Reproduce word for word the lines between those holding "using sa_abs_diff_orth meets_projs" and "(* In the setting", inclusive, and nothing else from the data below.

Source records
────────────────────────────────────────
theorem theorem6p7:
  fixes A Pos :: "'a::real_algebra_1 set" and p q :: 'a
  assumes SA: "synaptic_algebra A Pos"
    and p: "p \<in> projs A" and q: "q \<in> projs A"
  defines "r \<equiv> pmeet A Pos (pjoin A Pos p q)
                 (pmeet A Pos (pjoin A Pos p (perp q))
                   (pmeet A Pos (pjoin A Pos (perp p) q) (pjoin A Pos (perp p) (perp q))))"
    and "c \<equiv> sa_sqrt Pos (p * q * p + perp p * perp q * perp p)"
    and "s \<equiv> sa_sqrt Pos (p * perp q * p + perp p * q * perp p)"
    and "cr \<equiv> sa_sqrt Pos ((pmeet A Pos p (pmeet A Pos (pjoin A Pos (perp p) q) (pjoin A Pos (perp p) (perp q)))) * (pmeet A Pos q (pmeet A Pos (pjoin A Pos p (perp q)) (pjoin A Pos (perp p) (perp q)))) * (pmeet A Pos p (pmeet A Pos (pjoin A Pos (perp p) q) (pjoin A Pos (perp p) (perp q))))
                 + (pmeet A Pos (perp p) (pmeet A Pos (pjoin A Pos p q) (pjoin A Pos p (perp q)))) * (pmeet A Pos (perp q) (pmeet A Pos (pjoin A Pos p q) (pjoin A Pos (perp p) q))) * (pmeet A Pos (perp p) (pmeet A Pos (pjoin A Pos p q) (pjoin A Pos p (perp q)))))"
    and "sr \<equiv> sa_sqrt Pos ((pmeet A Pos p (pmeet A Pos (pjoin A Pos (perp p) q) (pjoin A Pos (perp p) (perp q)))) * (pmeet A Pos (perp q) (pmeet A Pos (pjoin A Pos p q) (pjoin A Pos (perp p) q))) * (pmeet A Pos p (pmeet A Pos (pjoin A Pos (perp p) q) (pjoin A Pos (perp p) (perp q))))
                 + (pmeet A Pos (perp p) (pmeet A Pos (pjoin A Pos p q) (pjoin A Pos p (perp q)))) * (pmeet A Pos q (pmeet A Pos (pjoin A Pos p (perp q)) (pjoin A Pos (perp p) (perp q)))) * (pmeet A Pos (perp p) (pmeet A Pos (pjoin A Pos p q) (pjoin A Pos p (perp q)))))"
  shows "(cr = c * r \<and> c * r = r * c \<and> sr = s * r \<and> s * r = r * s) \<and>
         (c = cr + sa_abs Pos (pmeet A Pos p q - pmeet A Pos (perp p) (perp q)) \<and>
          s = sr + sa_abs Pos (pmeet A Pos p (perp q) - pmeet A Pos (perp p) q))"
proof -
  interpret projection_pair A Pos p q
    by (rule projection_pair.intro [OF synaptic_algebra_imp_synaptic [OF SA]]) (unfold_locales; fact)
  have r: "r = generic"
    unfolding r_def perp_def by (rule pmeet_pjoins_eq_generic)
  have cr: "cr = sa_sqrt Pos cos_sq * generic"
    unfolding cr_def perp_def pmeets_eq_mult_generic cos_sq_mult_generic
    by (rule sa_sqrt_mult_proj [OF cos_sq_pos generic_projs cos_sq_commute_generic])
  have sr: "sr = sa_sqrt Pos sin_sq * generic"
    unfolding sr_def perp_def pmeets_eq_mult_generic sin_sq_mult_generic
    by (rule sa_sqrt_mult_proj [OF sin_sq_pos generic_projs sin_sq_commute_generic])
  have "sa_sqrt Pos cos_sq * generic = generic * sa_sqrt Pos cos_sq"
    "sa_sqrt Pos sin_sq * generic = generic * sa_sqrt Pos sin_sq"
    using sa_sqrt_commute projs_mem [OF generic_projs] cos_sq_pos sin_sq_pos
      cos_sq_commute_generic sin_sq_commute_generic by simp_all
  moreover have "sa_abs Pos (e11 - e00) = e11 + e00" "sa_abs Pos (e10 - e01) = e10 + e01"
    using sa_abs_diff_orth meets_projs meets_orth by simp_all
  ultimately show ?thesis
    unfolding r cr sr c_def s_def perp_def cos_sq_def [symmetric] sin_sq_def [symmetric]
    using sqrt_cos_sq_eq sqrt_sin_sq_eq by simp
qed

end
(* In the setting of the context, let $\mu_1,\mu_2$ be nowhere-equal solutions of $$\widehat e_1\cdot\nabla\mu=-C_{31}^{2}-\mu\big(C_{31}^{3}+C_{12}^{2}\big)-\mu^{2}C_{12}^{3}$$ and let $\alpha_1,\alpha_2$ be nowhere-vanishing functions satisfying $\widehat e_1\cdot\nabla\ln|\alpha_i/\Vert v\Vert|=C_{31}^{3}+\mu_iC_{12}^{3}$ for $i=1,2$. Then the Poisson vector fields $J_i=\alpha_i(\widehat e_2+\mu_i\widehat e_3)$, $i=1,2$, are compatible, i.e. $J_1+J_2$ is also a Poisson vector field.
   Context: Setting: $M$ is an oriented three-dimensional manifold with a Riemannian metric $g$; $\nabla$, $\nabla\times$ and $\times$ denote gradient, curl and cross product. A Poisson vector field is a vector field $J$ with $J\cdot(\nabla\times J)=0$; $J_1,J_2$ are compatible if $J_1+J_2$ is also Poisson. $v$ is a nowhere vanishing vector field, $\widehat e_1=v/\Vert v\Vert$, extended to a local oriented orthonormal frame $(\widehat e_1,\widehat e_2,\widehat e_3)$ with $\widehat e_3=\widehat e_1\times\widehat e_2$, and structure functions $C_{ij}^k$ defined by $[\widehat e_i,\widehat e_j]=C_{ij}^k\widehat e_k$. *)

theory Defs
  imports "HOL-Analysis.Analysis"
begin

text \<open>Local coordinate model: an open chart domain U of R^3 (positively oriented chart),
  Riemannian metric given by its Gram matrix field g.\<close>

definition ginner :: "(real^3 \<Rightarrow> real^3^3) \<Rightarrow> real^3 \<Rightarrow> real^3 \<Rightarrow> real^3 \<Rightarrow> real" where
  "ginner g x u w = u \<bullet> (g x *v w)"

definition gnorm :: "(real^3 \<Rightarrow> real^3^3) \<Rightarrow> real^3 \<Rightarrow> real^3 \<Rightarrow> real" where
  "gnorm g x u = sqrt (ginner g x u u)"

definition riem_metric :: "(real^3 \<Rightarrow> real^3^3) \<Rightarrow> (real^3) set \<Rightarrow> bool" where
  "riem_metric g U \<longleftrightarrow> open U \<and>
     (\<forall>x\<in>U. transpose (g x) = g x \<and> (\<forall>u. u \<noteq> 0 \<longrightarrow> u \<bullet> (g x *v u) > 0)
            \<and> g differentiable (at x))"

definition dderiv :: "(real^3 \<Rightarrow> 'b::real_normed_vector) \<Rightarrow> (real^3 \<Rightarrow> real^3) \<Rightarrow> real^3 \<Rightarrow> 'b" where
  "dderiv f X x = frechet_derivative f (at x) (X x)"

text \<open>Lie bracket, [X,Y]f = X(Yf) - Y(Xf).\<close>
definition lie_bracket :: "(real^3 \<Rightarrow> real^3) \<Rightarrow> (real^3 \<Rightarrow> real^3) \<Rightarrow> real^3 \<Rightarrow> real^3" where
  "lie_bracket X Y x = dderiv Y X x - dderiv X Y x"

definition pd :: "(real^3 \<Rightarrow> real^3) \<Rightarrow> 3 \<Rightarrow> 3 \<Rightarrow> real^3 \<Rightarrow> real" where
  "pd w j k x = (frechet_derivative w (at x) (axis j 1)) $ k"
(* (i) For any $W \in \mathbb{R}^{m \times n}$ with $m < 2n$, the map $x \mapsto \operatorname{ReLU}(Wx)$ from $\mathbb{R}^n$ to $\mathbb{R}^m$ is not injective. (ii) If $W \in \mathbb{R}^{2n \times n}$ has a directed spanning set of $\mathbb{R}^n$ with respect to every $x \in \mathbb{R}^n$, then, up to a rearrangement of its rows, $W = \begin{bmatrix} B \\ -DB \end{bmatrix}$, where $B \in \mathbb{R}^{n\times n}$ is invertible (its rows form a basis of $\mathbb{R}^n$) and $D \in \mathbb{R}^{n \times n}$ is a diagonal matrix with strictly positive diagonal entries.
   Context: $\operatorname{ReLU}(y)=\max(y,0)$ componentwise. A matrix $W$ with rows $w_i\in\mathbb{R}^n$ has a directed spanning set (DSS) of $\mathbb{R}^n$ with respect to $x \in \mathbb{R}^n$ if the rows $\{w_i : \langle x, w_i\rangle \geq 0\}$ span $\mathbb{R}^n$. *)

theory Defs
  imports "HOL-Analysis.Analysis"
begin

definition relu :: "real ^ 'm \<Rightarrow> real ^ 'm" where
  "relu y = (\<chi> i. max (y $ i) 0)"

definition has_dss :: "real ^ 'n ^ 'm \<Rightarrow> real ^ 'n \<Rightarrow> bool" where
  "has_dss W x \<longleftrightarrow> span {W $ i | i. x \<bullet> (W $ i) \<ge> 0} = UNIV"

end

theory Submission
  imports Defs
begin

text \<open>If \<open>x \<mapsto> ReLU (W x)\<close> is injective, then \<open>W\<close> has a directed spanning set at every \<open>x\<close>:
  otherwise a nonzero \<open>v\<close> orthogonal to all rows \<open>w\<close> with \<open>\<langle>x, w\<rangle> \<ge> 0\<close> can be added to
  \<open>x\<close> in a small multiple without changing \<open>ReLU (W x)\<close>. For a generic \<open>z\<close>, the rows
  \<open>w\<close> with \<open>\<langle>z, w\<rangle> > 0\<close> then span, so there are at least \<open>n\<close> of them, and by the
  same argument at \<open>-z\<close> at least \<open>n\<close> rows with \<open>\<langle>z, w\<rangle> < 0\<close>; hence \<open>m \<ge> 2n\<close>.

  With exactly \<open>2n\<close> rows these counts are exact, so the \<open>n\<close> positive rows at a generic
  \<open>z\<close> form a basis. Moving \<open>z\<close> across the hyperplane orthogonal to a row \<open>w\<close> flips
  only the signs of the rows parallel to \<open>w\<close>; as the count stays \<open>n\<close> on both sides,
  some row is a negative multiple of \<open>w\<close>. Pairing every positive row with such a
  negative multiple gives the permutation and the matrices \<open>B\<close> and \<open>D\<close>.\<close>

lemma relu_matrix_vector_mult_nth [simp]: "relu (W *v x) $ i = max (W $ i \<bullet> x) 0"
  by (simp add: relu_def matrix_vector_mul_component)

lemma ex_not_orthogonal_finite:
  fixes F :: "'a::euclidean_space set"
  assumes "finite F" "0 \<notin> F"
  obtains z where "\<And>v. v \<in> F \<Longrightarrow> z \<bullet> v \<noteq> 0"
proof -
  have "negligible (\<Union>v\<in>F. {z. v \<bullet> z = 0})"
    using assms by (intro negligible_Union) (auto intro!: negligible_hyperplane)
  then have "(\<Union>v\<in>F. {z. v \<bullet> z = 0}) \<noteq> UNIV"
    using non_negligible_UNIV by metis
  then obtain z where "z \<notin> (\<Union>v\<in>F. {z. v \<bullet> z = 0})"
    by blast
  then show thesis
    by (intro that) (auto simp: inner_commute)
qed
lemma fol_block_subset_fol_past:
  assumes "seq_closed X"
    and markov: "\<And>n. n \<ge> N \<Longrightarrow> fol X (block a p n) = fol X (block a p N)"
  shows "fol X (block a p N) \<subseteq> fol_past X a p"
proof
  fix y assume y: "y \<in> fol X (block a p N)"
  have extends: "\<exists>c\<in>natural_extension X. (\<forall>j\<in>{-int n..0}. c j = a (p + j)) \<and> y = (\<lambda>i. c (int i))"
    if "n \<ge> N" for n
    using y markov[OF that] fol_block_iff[of y X a p n] by simp
  have "graft a p y \<in> natural_extension X"
  proof (rule natural_extension_closed[OF assms(1)])
    fix n
    obtain c where c: "c \<in> natural_extension X" "\<forall>j\<in>{-int (n + nat \<bar>p\<bar> + N)..0}. c j = a (p + j)"
      "y = (\<lambda>i. c (int i))"
      using extends[of "n + nat \<bar>p\<bar> + N"] by auto
    have "c (j - p) = graft a p y j" if "\<bar>j\<bar> \<le> int n" for j
      using c(2,3) that by (auto simp: graft_def)
    then show "\<exists>x\<in>natural_extension X. \<forall>j. \<bar>j\<bar> \<le> int n \<longrightarrow> x j = graft a p y j"
      using natural_extension_shift[OF c(1), of "- p"] by (intro bexI[of _ "\<lambda>j. c (j + - p)"]) auto
  qed
  moreover have "y 0 = a p"
    using extends[of N] by auto
  ultimately show "y \<in> fol_past X a p"
    by (simp add: fol_past_def)
qed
────────────────────────────────────────
Response to the task
    using sa_abs_diff_orth meets_projs meets_orth by simp_all
  ultimately show ?thesis
    unfolding r cr sr c_def s_def perp_def cos_sq_def [symmetric] sin_sq_def [symmetric]
    using sqrt_cos_sq_eq sqrt_sin_sq_eq by simp
qed

end
(* In the setting of the context, let $\mu_1,\mu_2$ be nowhere-equal solutions of $$\widehat e_1\cdot\nabla\mu=-C_{31}^{2}-\mu\big(C_{31}^{3}+C_{12}^{2}\big)-\mu^{2}C_{12}^{3}$$ and let $\alpha_1,\alpha_2$ be nowhere-vanishing functions satisfying $\widehat e_1\cdot\nabla\ln|\alpha_i/\Vert v\Vert|=C_{31}^{3}+\mu_iC_{12}^{3}$ for $i=1,2$. Then the Poisson vector fields $J_i=\alpha_i(\widehat e_2+\mu_i\widehat e_3)$, $i=1,2$, are compatible, i.e. $J_1+J_2$ is also a Poisson vector field.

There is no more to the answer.